Here's my attempt to summarize what I'm saying (and let you get on with your day):
I have a picture of the way I now want to live my quickly approaching life of a twenty-three year-old, salary-earning, college graduate, Christian, in Dallas, Texas. I also know that I have a divided heart. And that I'm not perfect...don't claim to be, won't ever be. And then, I'll be honest, there is the way that I will actually be living this life of mine as a twenty-three year-old, salary-earning, college graduate, Christian, in Dallas, Texas. I hope the latter is a close to the first as it can be. I have a desire to live a bit more simply than I had first imagined the next chapter of my life being. I won't be needing the size of apartment I first thought. I won't be expecting all that I had originally been expecting from that apartment. Carpet over hardwood floors are okay. Light cabinetry over dark cabinetry will do. Granite counter tops are not necessary. I don't even have to have a one-bedroom, a simple flat will do. None of the things above that I listed are bad. Unless like me, you find a sense of pride in them...or in the "accomplishment" of being able to afford them. Unless like me, you tie your identity to any of the above things or any of your worldly possessions for that matter. That's just where I saw a small fracture of my faults in. But in sacrificing those things, not only will I be free from their chains, but more of my income is freed up to build the Kingdom of heaven here on earth (as was spoke of so well in the first quote above). I don't need 30 dresses. I don't need 50 pairs of shoes. I don't need 20 bags. I don't need any of that. I want it. Wanted it. My heart has been changed here, I pray it can be guarded from changing back in the states. Like I said earlier...none of this is bad. I'm not saying this to be condemning to anyone with 30 dresses, 50 pairs of shoes, and 20 bags (sorry, boys...just change those words for whatever y'all like to buy)...I'm saying it because that is what I've seen have such a tight hold on to me in the past, and I don't want to go back to America unchanged by what I've seen, heard, and experienced in India. And this is where the Lord has chosen to shed light. I can't ignore it anymore. I'm doing myself, the Lord, and the world that I'm not helping a disservice if I do.

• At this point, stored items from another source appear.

lemma nr_ideal_right_mult:
  assumes I: "nr_ideal R I" and i: "i \<in> I" and m: "m \<in> carrier R"
  shows "i \<otimes> m \<in> I"
proof -
  have "i \<in> carrier R"
    using I i nr_ideal_subset by blast
  moreover have "(\<zero> \<oplus> i) \<otimes> m \<ominus> \<zero> \<otimes> m \<in> I"
    using I i m add.one_closed unfolding nr_ideal_def by blast
  moreover have "i \<otimes> m \<ominus> \<zero> = i \<otimes> m" if "i \<in> carrier R"
    using that m m_closed add.r_one by (simp add: a_minus_def)
  ultimately show ?thesis
    using m by (simp add: l_null)
qed

lemma ideal_list_prod_subset:
  "\<forall>Q\<in>set Qs. nr_ideal R Q \<Longrightarrow> Qs \<noteq> [] \<Longrightarrow> ideal_list_prod R Qs \<subseteq> carrier R"
proof (induction Qs)
  case (Cons Q Qs)
  then show ?case
    using nr_ideal_subset[of R Q] m_closed
    by (cases "Qs = []") (auto simp: ideal_list_prod_Cons set_mult_def)
qed simp

lemma ideal_list_prod_left_mult_closed:
  assumes "\<forall>Q\<in>set Qs. nr_ideal R Q" "Qs \<noteq> []" "n \<in> carrier R" "x \<in> ideal_list_prod R Qs"
  shows "n \<otimes> x \<in> ideal_list_prod R Qs"
proof -
  obtain Q Qs' where Qs: "Qs = Q # Qs'"
    using assms(2) by (cases Qs) auto
  have Q: "nr_ideal R Q"
    using assms(1) Qs by simp
  have left_closed: "n \<otimes> q \<in> Q" if "q \<in> Q" for q
    using Q assms(3) that unfolding nr_ideal_def by blast
  show ?thesis
  proof (cases "Qs' = []")
    case True
    then show ?thesis
      using assms(4) Qs left_closed by simp
  next
    case False
    then obtain q y where q: "q \<in> Q" and y: "y \<in> ideal_list_prod R Qs'" and x: "x = q \<otimes> y"
      using assms(4) Qs by (auto simp: ideal_list_prod_Cons set_mult_def)
    have "y \<in> carrier R"
      using ideal_list_prod_subset[of Qs'] assms(1) Qs False y by auto
    moreover have "q \<in> carrier R"
      using q nr_ideal_subset[OF Q] by blast
    ultimately have "n \<otimes> x = (n \<otimes> q) \<otimes> y"
      using x m_assoc assms(3) by simp
    then show ?thesis
      using left_closed[OF q] y Qs False by (auto simp: ideal_list_prod_Cons set_mult_def)
  qed
qed

lemma set_mult_carrier_right:
  assumes "monoid R" "nr_ideal R P"
  shows "set_mult R P (carrier R) = P"
proof
  show "set_mult R P (carrier R) \<subseteq> P"
    using nr_ideal_right_mult[OF assms(2)] unfolding set_mult_def by blast
  show "P \<subseteq> set_mult R P (carrier R)"
  proof
    fix p assume p: "p \<in> P"
    then have "p = p \<otimes> \<one>"
      using monoid.r_one[OF assms(1)] nr_ideal_subset[OF assms(2)] by auto
    then show "p \<in> set_mult R P (carrier R)"
      using p monoid.one_closed[OF assms(1)] unfolding set_mult_def by blast
  qed
qed

lemma set_mult_carrier_left:
  assumes "monoid R" "Y \<subseteq> carrier R" "\<And>n y. n \<in> carrier R \<Longrightarrow> y \<in> Y \<Longrightarrow> n \<otimes> y \<in> Y"
  shows "set_mult R (carrier R) Y = Y"
proof
  show "set_mult R (carrier R) Y \<subseteq> Y"
    using assms(3) unfolding set_mult_def by blast
  show "Y \<subseteq> set_mult R (carrier R) Y"
  proof
    fix y assume y: "y \<in> Y"
    then have "y = \<one> \<otimes> y"
      using monoid.l_one[OF assms(1)] assms(2) by auto
    then show "y \<in> set_mult R (carrier R) Y"
      using y monoid.one_closed[OF assms(1)] unfolding set_mult_def by blast
  qed
qed

lemma ideal_list_prod_replicate_carrier:
  assumes "monoid R" "k > 0"
  shows "ideal_list_prod R (replicate k (carrier R)) = carrier R"
  using assms(2)
proof (induction k)
  case (Suc k)
  then show ?case
    using set_mult_carrier_right[OF assms(1) nr_ideal_carrier]
    by (cases "k = 0") (auto simp: ideal_list_prod_Cons)
qed simp

lemma ideal_list_prod_append_carriers:
  assumes "monoid R" "\<forall>P\<in>set Ps. nr_ideal R P" "Ps @ replicate k (carrier R) \<noteq> []"
  shows "ideal_list_prod R (Ps @ replicate k (carrier R))
    = (if Ps = [] then carrier R else ideal_list_prod R Ps)"
  using assms(2,3)
proof (induction Ps)
  case Nil
  then show ?case
    using ideal_list_prod_replicate_carrier[OF assms(1)] by simp
next
  case (Cons P Ps)
  show ?case
  proof (cases "Ps @ replicate k (carrier R) = []")
    case False
    then have "ideal_list_prod R ((P # Ps) @ replicate k (carrier R))
        = set_mult R P (if Ps = [] then carrier R else ideal_list_prod R Ps)"
      using Cons by (simp add: ideal_list_prod_Cons)
    then show ?thesis
      using set_mult_carrier_right[OF assms(1)] Cons.prems by (simp add: ideal_list_prod_Cons)
  qed simp
qed

lemma ideal_list_prod_carriers_append:
  assumes "monoid R" "\<forall>Q\<in>set Qs. nr_ideal R Q" "replicate k (carrier R) @ Qs \<noteq> []"
  shows "ideal_list_prod R (replicate k (carrier R) @ Qs)
    = (if Qs = [] then carrier R else ideal_list_prod R Qs)"
proof (cases "Qs = []")
  case True
  then show ?thesis
    using ideal_list_prod_replicate_carrier[OF assms(1)] assms(3) by simp
next
  case False
  have "set_mult R (carrier R) (ideal_list_prod R Qs) = ideal_list_prod R Qs"
    using set_mult_carrier_left[OF assms(1) ideal_list_prod_subset]
      ideal_list_prod_left_mult_closed assms(2) False by blast
  then show ?thesis
    using False by (induction k) (auto simp: ideal_list_prod_Cons)
qed

end

lemma nr_prod_simps [simp]:
  "carrier (nr_prod R S) = carrier R \<times> carrier S"
  "x \<otimes>\<^bsub>nr_prod R S\<^esub> y = (fst x \<otimes>\<^bsub>R\<^esub> fst y, snd x \<otimes>\<^bsub>S\<^esub> snd y)"
  "x \<oplus>\<^bsub>nr_prod R S\<^esub> y = (fst x \<oplus>\<^bsub>R\<^esub> fst y, snd x \<oplus>\<^bsub>S\<^esub> snd y)"
  "\<zero>\<^bsub>nr_prod R S\<^esub> = (\<zero>\<^bsub>R\<^esub>, \<zero>\<^bsub>S\<^esub>)"
  "\<one>\<^bsub>nr_prod R S\<^esub> = (\<one>\<^bsub>R\<^esub>, \<one>\<^bsub>S\<^esub>)"
  by (simp_all add: nr_prod_def)

lemma add_monoid_nr_prod: "add_monoid (nr_prod R S) = add_monoid R \<times>\<times> add_monoid S"
  by (simp add: nr_prod_def DirProd_def fun_eq_iff split_def)

lemma add_monoid_nr_prod_restrict:
  "(add_monoid (nr_prod R S))\<lparr>carrier := P \<times> Q\<rparr>
     = (add_monoid R)\<lparr>carrier := P\<rparr> \<times>\<times> (add_monoid S)\<lparr>carrier := Q\<rparr>"
  by (simp add: nr_prod_def DirProd_def fun_eq_iff split_def)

I've realized that in praying for my heart to beat to the rhythm of the Lord's...he actually did it. And that heart beat is no longer my own. It's his. And his heart beats for the world. Not just me.


"Look, your King comes to you, triumphant and victorious, humble and riding on a donkey." Zechariah 9:9

A donkey. That's the life we were given as a picture to follow.
Triumphant. Victorious. And that's the King we were called to serve.

Not a bad deal.


I was going to end this by maybe asking a few challenging questions, but I realize I don't have that authority. I will give you a challenge, though. I challenge you to be praying the Lord to shed light...wherever He knows that light should be shed. Freedom, freedom, freedom. It is calling your name. Seek it out, child of God.